Oliver Lake leads the Oliver Lake Big Band
On stage, the group blasted from the gate to the finish, with multi-layered, jazzy dissonance interladen with ear-wakening tonal clusters. From these somewhat avant-garde effects, listener’s jazz, the band often showed remarkable light-footed-ness, shifting seamlessly to danceable big-band swing, with notable piano from Yoichi Uzeki on “The Whole World.”

Billed as “Global English,” the jazz-poetry collaborations preceded Stern with: Ali Cobby Eckermann, an aboriginal Australian woman; Kei Miller, from Jamaica; and TJ Dema, from Botswana. All delivered their words, backed discreetly and effectively by Lake and the band, with strong performance skills.

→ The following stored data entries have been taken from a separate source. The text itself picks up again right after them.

definition watomic :: "('a \<Rightarrow> 'a \<Rightarrow> 'a) \<Rightarrow> ('a \<Rightarrow> 'a) \<Rightarrow> 'a \<Rightarrow> bool" where
  "watomic pl cm e \<longleftrightarrow>
     (\<forall>x. x \<noteq> wbot pl cm e \<longrightarrow> (\<exists>a\<in>wAt pl cm e. wleq pl a x))"

fun sel :: "'a \<times> 'a \<times> 'a \<Rightarrow> nat \<Rightarrow> 'a" where
  "sel (a, b, c) k = (if k = 0 then a else if k = 1 then b else c)"

definition suitB :: "('a \<Rightarrow> 'a \<Rightarrow> 'a) \<Rightarrow> ('a \<Rightarrow> 'a) \<Rightarrow> ('a \<Rightarrow> 'a \<Rightarrow> 'a) \<Rightarrow> 'a \<Rightarrow> ('a \<times> 'a \<times> 'a) set" where
  "suitB pl cm cp e = {s. sel s 0 \<in> wAt pl cm e \<and> sel s 1 \<in> wAt pl cm e \<and> sel s 2 \<in> wAt pl cm e \<and>
      wleq pl (sel s 1) (cp (sel s 2) (sel s 0))}"

definition suitT :: "('a \<times> 'a \<times> 'a) set \<Rightarrow> nat \<Rightarrow> (('a \<times> 'a \<times> 'a) \<times> ('a \<times> 'a \<times> 'a)) set" where
  "suitT B k = {(s, t). s \<in> B \<and> t \<in> B \<and> sel s k = sel t k}"

definition suitE :: "('a \<Rightarrow> 'a \<Rightarrow> 'a) \<Rightarrow> 'a \<Rightarrow> ('a \<times> 'a \<times> 'a) set \<Rightarrow> nat \<Rightarrow> nat \<Rightarrow> ('a \<times> 'a \<times> 'a) set" where
  "suitE pl e B k l = (if k = l then B else {s \<in> B. wleq pl (sel s (3 - k - l)) e})"

definition Tstar :: "('b \<times> 'b) set \<Rightarrow> 'b set \<Rightarrow> 'b set" where
  "Tstar T X = {y. \<exists>x\<in>X. (y, x) \<in> T}"

text \<open>Complex algebra operations: c_k = T_k^*, d_{kl} = E_{kl}, s^k_l x = c_k (d_{kl} \<inter> x).\<close>
definition cmC :: "('a \<Rightarrow> 'a \<Rightarrow> 'a) \<Rightarrow> ('a \<Rightarrow> 'a) \<Rightarrow> ('a \<Rightarrow> 'a \<Rightarrow> 'a) \<Rightarrow> 'a \<Rightarrow> nat \<Rightarrow> ('a \<times> 'a \<times> 'a) set \<Rightarrow> ('a \<times> 'a \<times> 'a) set" where
  "cmC pl cm cp e k X = Tstar (suitT (suitB pl cm cp e) k) X"
text \<open>The meet of two channels is a channel: \<open>A \<union> C\<close> lies in the union of meet and join,
  \<open>A \<inter> C\<close> in both, and the join cannot have more residues than a channel.\<close>

lemma is_channel_sw_meet:
  assumes n: "n > 0" and B: "partial_perm n B" and A: "is_channel n B A" and C: "is_channel n B C"
  shows "is_channel n B (sw_meet A C)"
proof -
  have Ac: "chainset n B A" and Cc: "chainset n B C" using A C by (auto simp: is_channel_def)
  let ?M = "row_residues n (sw_meet A C)" and ?J = "row_residues n (sw_join A C)"
  have mc: "chainset n B (sw_meet A C)" and jc: "chainset n B (sw_join A C)"
    using chainset_sw_meet[OF Ac Cc] chainset_sw_join[OF Ac Cc] .
  have U: "row_residues n A \<union> row_residues n C \<subseteq> ?M \<union> ?J"
  proof -
    have "x \<in> sw_meet A C \<union> sw_join A C" if x: "x \<in> A" for x
    proof -
      have "x \<in> B" using x Ac by (auto simp: chainset_def)
      then obtain y where "y \<in> C" "sw x y \<or> sw y x" using channel_sw_comparable[OF n B C] by blast
      thus ?thesis using x unfolding sw_meet_def sw_join_def by blast
    qed
    moreover have "x \<in> sw_meet A C \<union> sw_join A C" if x: "x \<in> C" for x
    proof -
      have "x \<in> B" using x Cc by (auto simp: chainset_def)
      then obtain y where "y \<in> A" "sw x y \<or> sw y x" using channel_sw_comparable[OF n B A] by blast
      thus ?thesis using x unfolding sw_meet_def sw_join_def by blast
    qed
    ultimately show ?thesis unfolding row_residues_def by blast
  qed
  have I: "row_residues n A \<inter> row_residues n C \<subseteq> ?M \<inter> ?J"
  proof
    fix r assume "r \<in> row_residues n A \<inter> row_residues n C"
    then obtain x y where x: "x \<in> A" "r = fst x mod n" and y: "y \<in> C" "r = fst y mod n"
      by (auto simp: row_residues_def)
    have "x \<in> B" "y \<in> B" using x y Ac Cc by (auto simp: chainset_def)
    moreover have "fst y mod n = fst x mod n" using x y by simp
    ultimately obtain k where "x = transl n k y" using partial_perm_same_row_residue[OF B] by blast
    hence "x \<in> C" using Cc y by (auto simp: chainset_def)
    hence "x \<in> sw_meet A C" "x \<in> sw_join A C" using x sw_refl unfolding sw_meet_def sw_join_def by blast+
    thus "r \<in> ?M \<inter> ?J" using x by (auto simp: row_residues_def)
  qed
  have fin: "finite (row_residues n X)" for X using finite_row_residues[OF n] .
  have "card (row_residues n A) + card (row_residues n C)
      = card (row_residues n A \<union> row_residues n C) + card (row_residues n A \<inter> row_residues n C)"
    using card_Un_Int[OF fin fin] .
  also have "\<dots> \<le> card (?M \<union> ?J) + card (?M \<inter> ?J)"
    using card_mono[OF _ U] card_mono[OF _ I] fin by (meson add_mono finite_Int finite_UnI)
  also have "\<dots> = card ?M + card ?J"
    using card_Un_Int[OF fin fin] by simp
  finally have "card (row_residues n A) + card (row_residues n C) \<le> card ?M + card ?J" .
  moreover have "card (row_residues n C) = card (row_residues n A)"
    using card_row_residues_le_channel[OF n B A Cc] card_row_residues_le_channel[OF n B C Ac] by simp
  moreover have "card ?J \<le> card (row_residues n A)"
    using card_row_residues_le_channel[OF n B A jc] .
  ultimately have "card (row_residues n A) \<le> card ?M" by linarith
  thus ?thesis using is_channel_if_card_row_residues[OF n B A mc] by simp
qed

More than the others, Dema, who’s studied at the University of Iowa Writing Program, challenged her audience to think with lines such as “Poems, poems are bullshit . . . unless they reach someone.” Though the statement is simplistic, with her accomplished stage presence, the rhetorical effect was smashing.

Then came Stern, in a flashy white-straw hat, leaning on his bright red metal cane, silently making his way step-by-step to a seat at the podium, commanding the audience without a word. He was born in the Hill District, raised as a working-class kid in Squirrel Hill and was a walk-on running back for the University of Pittsburgh football team who sparred with Billy Conn. Stern is — I could be wrong, but I think this brooks not much argument — the greatest poet Pittsburgh has produced.

All six of the relatively short poems he read brought forth spontaneous, enthusiastic applause. If you want to read them, there they are:

Frogs
The Bite
Counting
Cow Worship
Hemingway’s House
The Dancing

Following Stern, Lake and local actress Tami Dixon debuted “Stoopin’ is a Verb,” from a work in progress that combines original music with dialogue taken from interviews of North Side residents. A short closing set from Lake’s band included Robert Sabin’s thrumming extended bass solo, supported exquisitely by a chorus of North Side crickets in the West Park trees.